BackgroundMany genetic traits common to aggressive breast carcinoma have been identified; yet little is known about the interrelationships of such traits during tumor development, especially in women prone to aggressive cancer. This study examined the expression of four biological markers associated with poor prognosis at each stage of breast cancer progression in primary tumors from women of lower economic status and assessed the relationship between these markers.MethodsArchived primary breast tumors from 77 patients were assessed by immunohistochemical analysis for expression of human epidermal growth receptor 2 (HER-2), p53, vascular endothelial growth factor (VEGF), and e-cadherin, and the relationships between the expressions of these molecules were studied.ResultsTwenty-two (29%) patients had advanced (stage III or IV) disease. HER-2, VEGF, e-cadherin, and p53 signal were positive for 31 (40%), 58 (75%), 63 (82%), and 37 (48%) of patients, respectively. Among the markers tested, only p53 exhibited a significant association between expression and stage of the disease (P = 0.012). Expression of e-cadherin was positively associated with HER-2 overexpression (P = 0.004), and high levels of HER-2 occurred with strongly positive e-cadherin tumors. Marginally significant positive associations were observed between HER-2 and p53 signal (P = 0.06), and between disease stage and e-cadherin expression (P = 0.08).ConclusionThe significant tendency toward expression of e-cadherin in conjunction with HER-2 overexpression in breast cancer is a novel finding. The association of p53 with more advanced stages of cancer emphasizes it as a key participant in metastatic processes in breast cancer.

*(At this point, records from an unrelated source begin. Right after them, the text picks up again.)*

(* Let $R=S(M_0)$ and $L=\mathcal{A}M_{-1}=S(M_0)\otimes M_{-1}$, viewed as an $R$-module via $\mathbf y\cdot(\mathbf y'\odot x^{\mathbf k})=\mathbf y\odot\mathbf y'\odot x^{\mathbf k}$. Equip $L$ with the bilinear product $\rhd$, with $\nabla\colon L\to \mathrm{End}_{\mathbb K}(L)$, $\nabla_X Y=X\rhd Y$, and with the anchor $\rho\colon L\to \mathrm{Der}_{\mathbb K}(S(M_0),S(M_0))$, $\rho(X)(\mathbf y)=X\rhd \mathbf y$. Then $(L,\nabla,\rho)$ is a pre-Lie-Rinehart algebra over $R$, the Lie bracket being $[X,Y]=X\rhd Y-Y\rhd X$.
   Context: Fix a field $\mathbb K$ and a finite set $C$ of decorations. Let $\overline N(C)$ be the commutative polynomial algebra over $\mathbb K$ in the variables $x^a_j$, $a\in C$, $j\in\{-1,0,1,2,\dots\}$. A monomial is $x^{\mathbf k}=\prod_{j,a}(x^a_j)^{k^a_j}$ with finitely supported nonnegative integer exponents; its weight is $\mathrm{wt}(x^{\mathbf k})=\sum_{j,a} j\,k^a_j$. Let $\partial$ be the derivation of $\overline N(C)$ with $\partial x^a_j=x^a_{j+1}$. For $n\in\{-1,0\}$ let $M_n$ be the span of the monomials of weight $n$ (non-constant ones for $n=0$). $S(V)$ denotes the symmetric algebra of $V$, with product $\odot$ and unit $\mathbf 1$; elements of $S(M_0)$ are called multiaromas. Elements of $\mathcal{A}M_{-1}$ are spanned by $\mathbf y\odot x^{\mathbf k}$ with $\mathbf y\in S(M_0)$ a product of monomials and $x^{\mathbf k}\in M_{-1}$. The product $\rhd$ is defined (and extended bilinearly) as follows. For monomials $x^{\mathbf k}\in M_{-1}$ and $P\in M_0\cup M_{-1}$, $x^{\mathbf k}\rhd P=x^{\mathbf k}\cdot\partial P$ (product in $\overline N(C)$). For $\mathbf y=x^{\kappa^1}\odot\cdots\odot x^{\kappa^m}\in S(M_0)$: $x^{\mathbf k}\rhd \mathbf y=\sum_{i=1}^m x^{\kappa^1}\odot\cdots\odot (x^{\mathbf k}\rhd x^{\kappa^i})\odot\cdots\odot x^{\kappa^m}$ and $(\mathbf y^1\odot x^{\mathbf k})\rhd \mathbf y=\mathbf y^1\odot(x^{\mathbf k}\rhd\mathbf y)$. Finally $(\mathbf y^1\odot x^{\mathbf k^1})\rhd(\mathbf y^2\odot x^{\mathbf k^2})=\mathbf y^1\odot(x^{\mathbf k^1}\rhd\mathbf y^2)\odot x^{\mathbf k^2}+\mathbf y^1\odot\mathbf y^2\odot(x^{\mathbf k^1}\rhd x^{\mathbf k^2})$. Definition: given a unital commutative $\mathbb K$-algebra $R$ and an $R$-module $L$ with an $R$-linear map $\rho\colon L\to\mathrm{Der}_{\mathbb K}(R,R)$ and a map $\nabla\colon L\to\mathrm{End}_{\mathbb K}(L)$, write $X\rhd Y=\nabla_XY$ and $[X,Y]=X\rhd Y-Y\rhd X$. Then $L$ is a pre-Lie-Rinehart algebra if: $(L,[-,-])$ is a Lie algebra over $\mathbb K$; $\rho$ is a Lie algebra homomorphism; for $f\in R$, $X,Y\in L$, $[X,fY]=(\rho(X)f)Y+f[X,Y]$; and $(L,\rhd)$ is pre-Lie: $X\rhd(Y\rhd Z)-(X\rhd Y)\rhd Z=Y\rhd(X\rhd Z)-(Y\rhd X)\rhd Z$. *)

theory Defs
  imports Main "HOL-Library.Multiset" "HOL-Library.Function_Algebras"
begin

text \<open>A K-vector space is realised inside a function space 'b => 'k with pointwise
  addition (from Function_Algebras) and the scalar multiplication below.\<close>

definition smult :: "'k::times \<Rightarrow> ('b \<Rightarrow> 'k) \<Rightarrow> ('b \<Rightarrow> 'k)" (infixr "\<cdot>\<^sub>s" 75) where
  "c \<cdot>\<^sub>s f = (\<lambda>z. c * f z)"

definition supp :: "('b \<Rightarrow> 'k::zero) \<Rightarrow> 'b set" where
  "supp f = {b. f b \<noteq> 0}"

definition ind :: "'b \<Rightarrow> ('b \<Rightarrow> 'k::{zero,one})" where
  "ind b = (\<lambda>z. if z = b then 1 else 0)"

definition bilin :: "('a \<Rightarrow> 'b \<Rightarrow> ('c \<Rightarrow> 'k::comm_ring_1)) \<Rightarrow> ('a \<Rightarrow> 'k) \<Rightarrow> ('b \<Rightarrow> 'k) \<Rightarrow> ('c \<Rightarrow> 'k)" where
  "bilin p X Y = (\<Sum>a\<in>supp X. \<Sum>b\<in>supp Y. (X a * Y b) \<cdot>\<^sub>s p a b)"

definition subspace :: "('b \<Rightarrow> 'k::field) set \<Rightarrow> bool" where
  "subspace V \<longleftrightarrow> 0 \<in> V \<and> (\<forall>f\<in>V. \<forall>g\<in>V. f + g \<in> V) \<and> (\<forall>c. \<forall>f\<in>V. c \<cdot>\<^sub>s f \<in> V)"

definition klinear_on :: "('a \<Rightarrow> 'k::field) set \<Rightarrow> (('a \<Rightarrow> 'k) \<Rightarrow> ('b \<Rightarrow> 'k)) \<Rightarrow> bool" where
  "klinear_on V T \<longleftrightarrow> (\<forall>f\<in>V. \<forall>g\<in>V. T (f + g) = T f + T g) \<and> (\<forall>c. \<forall>f\<in>V. T (c \<cdot>\<^sub>s f) = c \<cdot>\<^sub>s T f)"

definition comm_algebra :: "('r \<Rightarrow> 'k::field) set \<Rightarrow> (('r \<Rightarrow> 'k) \<Rightarrow> ('r \<Rightarrow> 'k) \<Rightarrow> ('r \<Rightarrow> 'k)) \<Rightarrow> ('r \<Rightarrow> 'k) \<Rightarrow> bool" where
  "comm_algebra R mul one \<longleftrightarrow> subspace R \<and> one \<in> R \<and>
     (\<forall>f\<in>R. \<forall>g\<in>R. mul f g \<in> R) \<and>
     (\<forall>f\<in>R. \<forall>g\<in>R. \<forall>h\<in>R. mul (mul f g) h = mul f (mul g h)) \<and>
     (\<forall>f\<in>R. \<forall>g\<in>R. mul f g = mul g f) \<and>
     (\<forall>f\<in>R. mul one f = f) \<and>
     (\<forall>f\<in>R. \<forall>g\<in>R. \<forall>h\<in>R. mul f (g + h) = mul f g + mul f h) \<and>
     (\<forall>c. \<forall>f\<in>R. \<forall>g\<in>R. mul (c \<cdot>\<^sub>s f) g = c \<cdot>\<^sub>s mul f g)"

definition is_module :: "('r \<Rightarrow> 'k::field) set \<Rightarrow> (('r \<Rightarrow> 'k) \<Rightarrow> ('r \<Rightarrow> 'k) \<Rightarrow> ('r \<Rightarrow> 'k)) \<Rightarrow> ('r \<Rightarrow> 'k)
     \<Rightarrow> ('l \<Rightarrow> 'k) set \<Rightarrow> (('r \<Rightarrow> 'k) \<Rightarrow> ('l \<Rightarrow> 'k) \<Rightarrow> ('l \<Rightarrow> 'k)) \<Rightarrow> bool" where
  "is_module R mul one L act \<longleftrightarrow> subspace L \<and>
     (\<forall>f\<in>R. \<forall>X\<in>L. act f X \<in> L) \<and>
     (\<forall>f\<in>R. \<forall>X\<in>L. \<forall>Y\<in>L. act f (X + Y) = act f X + act f Y) \<and>
     (\<forall>f\<in>R. \<forall>g\<in>R. \<forall>X\<in>L. act (f + g) X = act f X + act g X) \<and>
     (\<forall>f\<in>R. \<forall>g\<in>R. \<forall>X\<in>L. act (mul f g) X = act f (act g X)) \<and>
     (\<forall>X\<in>L. act one X = X) \<and>
     (\<forall>c. \<forall>f\<in>R. \<forall>X\<in>L. act (c \<cdot>\<^sub>s f) X = c \<cdot>\<^sub>s act f X)"

definition is_derivation :: "('r \<Rightarrow> 'k::field) set \<Rightarrow> (('r \<Rightarrow> 'k) \<Rightarrow> ('r \<Rightarrow> 'k) \<Rightarrow> ('r \<Rightarrow> 'k))
     \<Rightarrow> (('r \<Rightarrow> 'k) \<Rightarrow> ('r \<Rightarrow> 'k)) \<Rightarrow> bool" where
  "is_derivation R mul D \<longleftrightarrow> (\<forall>f\<in>R. D f \<in> R) \<and> klinear_on R D \<and>
     (\<forall>f\<in>R. \<forall>g\<in>R. D (mul f g) = mul (D f) g + mul f (D g))"

definition pre_lie_rinehart ::
  "('r \<Rightarrow> 'k::field) set \<Rightarrow> (('r \<Rightarrow> 'k) \<Rightarrow> ('r \<Rightarrow> 'k) \<Rightarrow> ('r \<Rightarrow> 'k)) \<Rightarrow> ('r \<Rightarrow> 'k)
   \<Rightarrow> ('l \<Rightarrow> 'k) set \<Rightarrow> (('r \<Rightarrow> 'k) \<Rightarrow> ('l \<Rightarrow> 'k) \<Rightarrow> ('l \<Rightarrow> 'k))
   \<Rightarrow> (('l \<Rightarrow> 'k) \<Rightarrow> ('r \<Rightarrow> 'k) \<Rightarrow> ('r \<Rightarrow> 'k))
   \<Rightarrow> (('l \<Rightarrow> 'k) \<Rightarrow> ('l \<Rightarrow> 'k) \<Rightarrow> ('l \<Rightarrow> 'k)) \<Rightarrow> bool" where
  "pre_lie_rinehart R mul one L act rho nabla \<longleftrightarrow>
     (let br = (\<lambda>X Y. nabla X Y - nabla Y X) in
     \<comment> \<open>setting: R unital commutative K-algebra, L an R-module\<close>
     comm_algebra R mul one \<and> is_module R mul one L act \<and>
     \<comment> \<open>rho : L -> Der_K(R,R), R-linear\<close>
     (\<forall>X\<in>L. is_derivation R mul (rho X)) \<and>
     (\<forall>X\<in>L. \<forall>Y\<in>L. \<forall>f\<in>R. rho (X + Y) f = rho X f + rho Y f) \<and>
     (\<forall>g\<in>R. \<forall>X\<in>L. \<forall>f\<in>R. rho (act g X) f = mul g (rho X f)) \<and>
     \<comment> \<open>nabla : L -> End_K(L)\<close>
     (\<forall>X\<in>L. (\<forall>Y\<in>L. nabla X Y \<in> L) \<and> klinear_on L (nabla X)) \<and>
     \<comment> \<open>(L, [-,-]) is a Lie algebra over K\<close>
     (\<forall>X\<in>L. \<forall>Y\<in>L. br X Y \<in> L) \<and>
     (\<forall>Z\<in>L. klinear_on L (\<lambda>X. br X Z) \<and> klinear_on L (br Z)) \<and>
     (\<forall>X\<in>L. br X X = 0) \<and>
     (\<forall>X\<in>L. \<forall>Y\<in>L. \<forall>Z\<in>L. br X (br Y Z) + br Y (br Z X) + br Z (br X Y) = 0) \<and>
     \<comment> \<open>rho is a Lie algebra homomorphism (into Der_K(R,R) with the commutator bracket)\<close>
     (\<forall>c. \<forall>X\<in>L. \<forall>f\<in>R. rho (c \<cdot>\<^sub>s X) f = c \<cdot>\<^sub>s rho X f) \<and>
     (\<forall>X\<in>L. \<forall>Y\<in>L. \<forall>f\<in>R. rho (br X Y) f = rho X (rho Y f) - rho Y (rho X f)) \<and>
     \<comment> \<open>Leibniz rule\<close>
     (\<forall>f\<in>R. \<forall>X\<in>L. \<forall>Y\<in>L. br X (act f Y) = act (rho X f) Y + act f (br X Y)) \<and>
     \<comment> \<open>pre-Lie identity\<close>
     (\<forall>X\<in>L. \<forall>Y\<in>L. \<forall>Z\<in>L.
        nabla X (nabla Y Z) - nabla (nabla X Y) Z = nabla Y (nabla X Z) - nabla (nabla Y X) Z))"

Primary Small Bowel Carcinoid Tumor With Bilateral Breast Metastases: Report of 2 Cases With Different Clinical Presentations

CONTEXT Carcinoid tumor metastatic to the breast is uncommon and can closely mimic a mammary carcinoma. The differentiation of metastatic carcinoid tumor from primary breast tumor is important, however, owing to different clinical management and prognosis. OBJECTIVE The purpose of this study was to describe 2 patients with bilateral metastatic carcinoid tumors to the breast with different clinical manifestations. DESIGN We examined the radiological, clinical, cytologic, histologic, immunohistochemical, and ultrastructural features of these 2 cases. RESULTS In case 1, the tumor presented initially as a stellate mass on mammogram and was diagnosed as grade II infiltrating ductal carcinoma. It was only after the discovery of small intestinal, liver, ovarian, and contralateral breast masses, as well as careful morphologic and immunohistochemical evaluations, that the true nature of the tumor was realized. In case 2, the tumor initially presented as a small intestinal tumor with liver metastases and bilateral breast masses. The breast masses were diagnosed accurately as metastatic carcinoid tumor by morphologic and immunohistochemical evaluations. CONCLUSIONS Metastatic carcinoid tumor to the breast is uncommon, but poses a diagnostic challenge in that morphologically it can closely mimic a primary breast tumor. Careful attention to clinical features and the use of auxiliary immunohistochemical studies can help in arriving at the correct diagnosis.

Quantum Dots for Multiplexed Molecular Profiling of Cancer Cells and Tissue Specimens

Panels of cancer biomarkers are profiled by multiplexing conjugated quantum dots on cancer cells and clinical tissue specimens. This technique will allow an unprecedented understanding of molecular details of tumors with a subcellular resolution.

Biopsy Interpretation of the Kidney and Adrenal Gland (Biopsy Interpretation Series)

Well, someone can decide by themselves what they want to do and need to do but sometimes, that kind of person will need some biopsy interpretation of the kidney adrenal gland biopsy interpretation series references. People with open minded will always try to seek for the new things and information from many sources. On the contrary, people with closed mind will always think that they can do it by their principals. So, what kind of person are you?